Economia

Botijão de gás custa R$ 75 em Sorocaba

Governo e Petrobras mudam regras de reajuste para produto básico
Preço do botijão de gás custa R$ 75 em Sorocaba
Mesmo pesquisando, consumidor não encontra GLP por menos de R$ 60 em Sorocaba. Crédito da foto: Fábio Rogério

O valor do botijão de gás de cozinha (GLP) vem subindo para o consumidor e em Sorocaba chega a custar R$ 75. A política de preços sofreu mudanças e há oscilação no mercado. Os donos de revendedoras da cidade dizem que têm que absorver os aumentos para não repassar ao preço final.

No início de agosto, a Petrobras anunciou uma redução de 8,17% nas refinarias e no mesmo dia mudou a regra para os botijões de 13 kg.

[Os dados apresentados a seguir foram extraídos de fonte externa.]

(* Let $Q,R,F\subseteq\mathcal{P}$, and define $\mu=\gcd\!\left(\dfrac{\xi_{\mathcal{P}}}{TM(\xi_F)},\ TM(\xi_Q),\ TM(\xi_R)\right)$ and $\nu=\dfrac{\xi_Q}{TM(\xi_Q)}\cdot\dfrac{\xi_R}{TM(\xi_R)}\cdot\dfrac{\xi_{F^c}}{TM(\xi_{F^c})}$. Then $\xi_{(Q\cap R)\setminus F}=\xi_{(Q\cap R)\cap F^c}=\mu\cdot\nu$.
   Context: $\mathcal{P}=\{P_1,\ldots,P_n\}$, $F^c=\mathcal{P}\setminus F$; $\varphi:2^{\mathcal{P}}\to\mathbb{F}_2^n$ sends a set to its indicator vector; for $S\subseteq\mathcal{P}$, $\xi_S(Y_1,\ldots,Y_n)=\prod_{i=1}^n(1+Y_i+\varphi(S)_i)$, i.e. $\xi_S=\prod_{i:P_i\in S}Y_i\cdot\prod_{i:P_i\notin S}(1+Y_i)$; in particular $\xi_{\mathcal{P}}=Y_1\cdots Y_n$. $TM(f)$ is the smallest monomial of $f$ in the lexicographic order with $Y_n\prec\cdots\prec Y_1$. The quotient $\xi_S/TM(\xi_S)$ is the polynomial $\prod_{i:P_i\notin S}(1+Y_i)$, and $\xi_{\mathcal{P}}/TM(\xi_F)=\prod_{i:P_i\notin F}Y_i$; the gcd is that of monomials; products and the equality are in the Boolean polynomial ring $\mathbb{F}_2[\bar Y]/\langle Y_i^2-Y_i\rangle$. *)

theory Defs
  imports Main
begin

text \<open>Boolean polynomial ring F2[Y_0..Y_(n-1)] / (Y_i^2 - Y_i).
  Every element has a unique multilinear representative; we represent it by the
  (finite) set of its monomials, a monomial being the (finite) set of variable
  indices occurring in it. Player P_(i+1) corresponds to index i < n.\<close>

type_synonym bpoly = "nat set set"

definition bzero :: bpoly where "bzero = {}"
definition bone :: bpoly where "bone = {{}}"
definition bvar :: "nat \<Rightarrow> bpoly" where "bvar i = {{i}}"

definition badd :: "bpoly \<Rightarrow> bpoly \<Rightarrow> bpoly" where
  "badd p q = (p - q) \<union> (q - p)"

text \<open>Product of monomials is union (since Y_i^2 = Y_i); coefficients mod 2.\<close>
definition bmul :: "bpoly \<Rightarrow> bpoly \<Rightarrow> bpoly" where
  "bmul p q = {m. odd (card {(a, b). a \<in> p \<and> b \<in> q \<and> a \<union> b = m})}"

fun bprod_upto :: "(nat \<Rightarrow> bpoly) \<Rightarrow> nat \<Rightarrow> bpoly" where
  "bprod_upto f 0 = bone"
| "bprod_upto f (Suc k) = bmul (bprod_upto f k) (f k)"

definition phi_const :: "nat set \<Rightarrow> nat \<Rightarrow> bpoly" where
  "phi_const S i = (if i \<in> S then bone else bzero)"

definition xi :: "nat \<Rightarrow> nat set \<Rightarrow> bpoly" where
  "xi n S = bprod_upto (\<lambda>i. badd (badd bone (bvar i)) (phi_const S i)) n"

text \<open>Lexicographic order on multilinear monomials with Y_(n-1) < ... < Y_0
  (variable Y_0 most significant): m is smaller than m' iff at the first index
  where they differ, m' contains it.\<close>
definition lex_less :: "nat set \<Rightarrow> nat set \<Rightarrow> bool" where
  "lex_less m m' \<longleftrightarrow> (\<exists>i. i \<in> m' \<and> i \<notin> m \<and> (\<forall>j<i. j \<in> m \<longleftrightarrow> j \<in> m'))"

definition TM :: "bpoly \<Rightarrow> nat set" where
  "TM p = (THE m. m \<in> p \<and> (\<forall>m'\<in>p. m' \<noteq> m \<longrightarrow> lex_less m m'))"

definition bdiv_mono :: "bpoly \<Rightarrow> nat set \<Rightarrow> bpoly" where
  "bdiv_mono p t = (\<lambda>m. m - t) ` p"

definition the_mono :: "bpoly \<Rightarrow> nat set" where
  "the_mono p = (THE m. p = {m})"

definition mono_gcd3 :: "bpoly \<Rightarrow> bpoly \<Rightarrow> bpoly \<Rightarrow> bpoly" where
  "mono_gcd3 a b c = {the_mono a \<inter> the_mono b \<inter> the_mono c}"

end

theory Submission
  imports Defs "HOL-Library.FuncSet"
begin

text \<open>For \<open>S \<subseteq> P\<close>, \<open>\<xi>\<^sub>S\<close> is the sum of all monomials lying between
  \<open>Y\<^sup>S\<close> and \<open>Y\<^sup>P\<close>. Such interval polynomials are closed under multiplication:
  because \<open>(1 + Y\<^sub>i)\<^sup>2 = 1 + Y\<^sub>i\<close> in the Boolean ring, a monomial of the product
  arises in \<open>3\<^sup>k\<close> ways, an odd number. The trailing monomial of an interval
  polynomial is its bottom \<open>Y\<^sup>S\<close>, so \<open>\<mu> = Y\<^bsup>Q \<inter> R \<inter> F\<^sup>c\<^esup>\<close>,
  \<open>\<nu>\<close> is the interval polynomial from \<open>1\<close> to \<open>Y\<^bsup>Q\<^sup>c \<union> R\<^sup>c \<union> F\<^esup>\<close>, and \<open>\<mu>\<nu>\<close> is the
  interval polynomial of \<open>\<xi>\<^bsub>Q \<inter> R \<inter> F\<^sup>c\<^esub>\<close>.\<close>

definition interval_poly :: "nat set \<Rightarrow> nat set \<Rightarrow> bpoly" where
  "interval_poly A B = {m. A \<subseteq> m \<and> m \<subseteq> A \<union> B}"

definition covering_pairs :: "'a set \<Rightarrow> ('a set \<times> 'a set) set" where
  "covering_pairs C = {(s, t). s \<union> t = C}"

lemma card_covering_pairs:
  assumes "finite C"
  shows "card (covering_pairs C) = 3 ^ card C"
proof -
  let ?pair = "\<lambda>f. ({x\<in>C. f x \<noteq> (0::nat)}, {x\<in>C. f x \<noteq> 1})"
  let ?code = "\<lambda>(s, t). restrict (\<lambda>x. if x \<notin> s then 0 else if x \<notin> t then 1 else 2::nat) C"
  have "bij_betw ?pair (C \<rightarrow>\<^sub>E {0, 1, 2}) (covering_pairs C)"
  proof (rule bij_betw_byWitness[where f' = ?code])
    show "\<forall>f\<in>C \<rightarrow>\<^sub>E {0, 1, 2}. ?code (?pair f) = f"
      by (fastforce simp: PiE_iff fun_eq_iff)
    show "\<forall>p\<in>covering_pairs C. ?pair (?code p) = p"
      by (auto simp: covering_pairs_def)
    show "?pair ` (C \<rightarrow>\<^sub>E {0, 1, 2}) \<subseteq> covering_pairs C"
      by (auto simp: covering_pairs_def)
    show "?code ` covering_pairs C \<subseteq> C \<rightarrow>\<^sub>E {0, 1, 2}"
      by (auto simp: PiE_iff split: if_splits)
  qed
  then have "card (C \<rightarrow>\<^sub>E {0, 1, 2::nat}) = card (covering_pairs C)"
    by (rule bij_betw_same_card)
  moreover have "card (C \<rightarrow>\<^sub>E {0, 1, 2::nat}) = 3 ^ card C"
    using assms by (simp add: card_funcsetE numeral_3_eq_3)
  ultimately show ?thesis by simp
qed

lemma bmul_interval_poly:
  assumes "finite B1" and "finite B2" and "(A1 \<union> A2) \<inter> (B1 \<union> B2) = {}"
  shows "bmul (interval_poly A1 B1) (interval_poly A2 B2) = interval_poly (A1 \<union> A2) (B1 \<union> B2)"
proof (rule set_eqI)
  fix m
  define S where "S = {(a, b). a \<in> interval_poly A1 B1 \<and> b \<in> interval_poly A2 B2 \<and> a \<union> b = m}"
  have "odd (card S) \<longleftrightarrow> m \<in> interval_poly (A1 \<union> A2) (B1 \<union> B2)"
  proof (cases "m \<in> interval_poly (A1 \<union> A2) (B1 \<union> B2)")
    case False
    then have "S = {}" by (auto simp: S_def interval_poly_def)
    with False show ?thesis by simp
  next
    case True
    then have m: "A1 \<union> A2 \<subseteq> m" "m \<subseteq> A1 \<union> A2 \<union> B1 \<union> B2"
      by (auto simp: interval_poly_def)
    define C where "C = m \<inter> B1 \<inter> B2"
    text \<open>Outside \<open>C\<close> each variable of \<open>m\<close> can come from one factor only; on \<open>C\<close>
      it can come from either factor or from both.\<close>
    define extend where
      "extend = (\<lambda>(s, t). (A1 \<union> (m \<inter> B1 - B2) \<union> s, A2 \<union> (m \<inter> B2 - B1) \<union> t))"
    let ?restr = "\<lambda>(a, b). (a \<inter> C, b \<inter> C)"
    have "bij_betw extend (covering_pairs C) S"
    proof (rule bij_betw_byWitness[where f' = ?restr])
      show "\<forall>p\<in>covering_pairs C. ?restr (extend p) = p"
        using assms(3) by (auto simp: covering_pairs_def extend_def C_def)
      show "\<forall>p\<in>S. extend (?restr p) = p"
        using assms(3) by (auto simp: S_def interval_poly_def extend_def C_def)
      show "extend ` covering_pairs C \<subseteq> S"
        using assms(3) m by (auto simp: covering_pairs_def S_def interval_poly_def extend_def C_def)
      show "?restr ` S \<subseteq> covering_pairs C"
        by (auto simp: covering_pairs_def S_def C_def)
    qed
    then have "card S = 3 ^ card C"
      using card_covering_pairs[of C] assms(1) by (simp add: bij_betw_same_card C_def)
    with True show ?thesis by simp
  qed
  then show "m \<in> bmul (interval_poly A1 B1) (interval_poly A2 B2) \<longleftrightarrow>
      m \<in> interval_poly (A1 \<union> A2) (B1 \<union> B2)"
    by (simp add: bmul_def S_def)
qed

lemma interval_poly_empty_right [simp]: "interval_poly A {} = {A}"
  by (auto simp: interval_poly_def)

lemma TM_interval_poly:
  assumes "A \<inter> B = {}"
  shows "TM (interval_poly A B) = A"
  unfolding TM_def
proof (rule the_equality)
  have "lex_less A m" if "m \<in> interval_poly A B" "m \<noteq> A" for m
  proof -
    have "A \<subseteq> m" using that(1) by (simp add: interval_poly_def)
    with that(2) have "\<exists>i. i \<in> m - A" by blast
    define i where "i = (LEAST i. i \<in> m - A)"
    have "i \<in> m - A" unfolding i_def by (rule LeastI_ex) fact
    moreover have "\<forall>j<i. j \<in> A \<longleftrightarrow> j \<in> m"
      using \<open>A \<subseteq> m\<close> not_less_Least unfolding i_def by blast
    ultimately show ?thesis unfolding lex_less_def by blast
  qed
  then show "A \<in> interval_poly A B \<and> (\<forall>m\<in>interval_poly A B. m \<noteq> A \<longrightarrow> lex_less A m)"
    by (auto simp: interval_poly_def)
next
  fix m
  assume m: "m \<in> interval_poly A B \<and> (\<forall>m'\<in>interval_poly A B. m' \<noteq> m \<longrightarrow> lex_less m m')"
  show "m = A"
  proof (rule ccontr)
    assume "m \<noteq> A"
    with m have "lex_less m A" by (auto simp: interval_poly_def)
    moreover have "A \<subseteq> m" using m by (simp add: interval_poly_def)
    ultimately show False unfolding lex_less_def by blast
  qed
qed

lemma bdiv_mono_interval_poly:
  assumes "A \<inter> B = {}"
  shows "bdiv_mono (interval_poly A B) A = interval_poly {} B"
  unfolding bdiv_mono_def
proof
  show "(\<lambda>m. m - A) ` interval_poly A B \<subseteq> interval_poly {} B"
    by (auto simp: interval_poly_def)
  show "interval_poly {} B \<subseteq> (\<lambda>m. m - A) ` interval_poly A B"
  proof
    fix s
    assume "s \<in> interval_poly {} B"
    then have "s = (A \<union> s) - A" "A \<union> s \<in> interval_poly A B"
      using assms by (auto simp: interval_poly_def)
    then show "s \<in> (\<lambda>m. m - A) ` interval_poly A B" by blast
  qed
qed

lemma xi_factor_eq:
  "badd (badd bone (bvar i)) (phi_const S i) =
    (if i \<in> S then interval_poly {i} {} else interval_poly {} {i})"
proof -
  have "interval_poly {} {i} = {{}, {i}}" by (auto simp: interval_poly_def)
  then show ?thesis
    by (auto simp: phi_const_def badd_def bone_def bzero_def bvar_def)
qed

lemma xi_eq_interval_poly: "xi n S = interval_poly (S \<inter> {..<n}) ({..<n} - S)"
  unfolding xi_def
proof (induction n)
  case 0
  show ?case by (auto simp: interval_poly_def bone_def)
next
  case (Suc k)
  have "bmul (interval_poly (S \<inter> {..<k}) ({..<k} - S)) (interval_poly {k} {}) =
      interval_poly (S \<inter> {..<Suc k}) ({..<Suc k} - S)" if "k \<in> S"
    using that by (subst bmul_interval_poly) (auto simp: lessThan_Suc insert_Diff_if)
  moreover have "bmul (interval_poly (S \<inter> {..<k}) ({..<k} - S)) (interval_poly {} {k}) =
      interval_poly (S \<inter> {..<Suc k}) ({..<Suc k} - S)" if "k \<notin> S"
    using that by (subst bmul_interval_poly) (auto simp: lessThan_Suc insert_Diff_if)
  ultimately show ?case
    using Suc by (simp add: xi_factor_eq)
qed

lemma xi_subset:
  assumes "S \<subseteq> {..<n}"
  shows "xi n S = interval_poly S ({..<n} - S)"
  using assms by (simp add: xi_eq_interval_poly Int_absorb2)

lemma TM_xi:
  assumes "S \<subseteq> {..<n}"
  shows "TM (xi n S) = S"
  using assms by (simp add: xi_subset TM_interval_poly)

lemma xi_div_TM:
  assumes "S \<subseteq> {..<n}"
  shows "bdiv_mono (xi n S) (TM (xi n S)) = interval_poly {} ({..<n} - S)"
  using assms by (simp add: xi_subset TM_interval_poly bdiv_mono_interval_poly)

lemma mono_gcd3_singletons [simp]: "mono_gcd3 {a} {b} {c} = {a \<inter> b \<inter> c}"
  by (simp add: mono_gcd3_def the_mono_def)

theorem mainTheorem17:
  fixes n :: nat and Q R F :: "nat set"
  assumes "Q \<subseteq> {..<n}" and "R \<subseteq> {..<n}" and "F \<subseteq> {..<n}"
  shows "xi n ((Q \<inter> R) - F) = xi n ((Q \<inter> R) \<inter> ({..<n} - F))
    \<and> xi n ((Q \<inter> R) \<inter> ({..<n} - F)) =
      bmul (mono_gcd3 (bdiv_mono (xi n {..<n}) (TM (xi n F)))
                      {TM (xi n Q)} {TM (xi n R)})
           (bmul (bmul (bdiv_mono (xi n Q) (TM (xi n Q)))
                       (bdiv_mono (xi n R) (TM (xi n R))))
                 (bdiv_mono (xi n ({..<n} - F)) (TM (xi n ({..<n} - F)))))"
proof -
  let ?M = "Q \<inter> R \<inter> ({..<n} - F)"
  have M: "Q \<inter> R - F = ?M"
    using assms(1) by auto
  have \<mu>: "mono_gcd3 (bdiv_mono (xi n {..<n}) (TM (xi n F))) {Q} {R} = {?M}"
    by (simp add: TM_xi[OF assms(3)] xi_subset bdiv_mono_def Int_ac)
  have div_Fc: "bdiv_mono (xi n ({..<n} - F)) (TM (xi n ({..<n} - F))) = interval_poly {} F"
    using xi_div_TM[of "{..<n} - F" n] assms(3) by (simp add: double_diff)
  have "{..<n} - ?M = ({..<n} - Q) \<union> ({..<n} - R) \<union> F"
    using assms(3) by auto
  then have \<nu>: "bmul (bmul (interval_poly {} ({..<n} - Q)) (interval_poly {} ({..<n} - R)))
      (interval_poly {} F) = interval_poly {} ({..<n} - ?M)"
    using assms(3) by (simp add: bmul_interval_poly finite_subset)
  have "xi n ?M = interval_poly ?M ({..<n} - ?M)"
    by (rule xi_subset) auto
  also have "\<dots> = bmul {?M} (interval_poly {} ({..<n} - ?M))"
    using bmul_interval_poly[of "{}" "{..<n} - ?M" ?M "{}"] by simp
  finally show ?thesis
    unfolding M xi_div_TM[OF assms(1)] xi_div_TM[OF assms(2)] div_Fc
    unfolding TM_xi[OF assms(1)] TM_xi[OF assms(2)] \<mu> \<nu> by simp
qed

end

O reajuste não tem mais periodicidade definida e usará como referência o preço de paridade de importação, informou a companhia. Antes, os ajustes ocorriam a cada trimestre levando em conta a média móvel de cotações internacionais e de câmbio dos últimos 12 meses.

Já no final de agosto, o governo aprovou o fim da diferenciação de preços do gás de cozinha. Atualmente, o botijão residencial de 13 kg tem um subsídio, mas todos os demais envasamentos (comercial por exemplo, em botijões maiores) não contam com o mesmo benefício. Essa mudança, no entanto, começa a valer daqui a seis meses, em 1º de março de 2020. A expectativa do governo é que o fim do subsídio incentive a concorrência no setor e ao final o preço caía para o consumidor.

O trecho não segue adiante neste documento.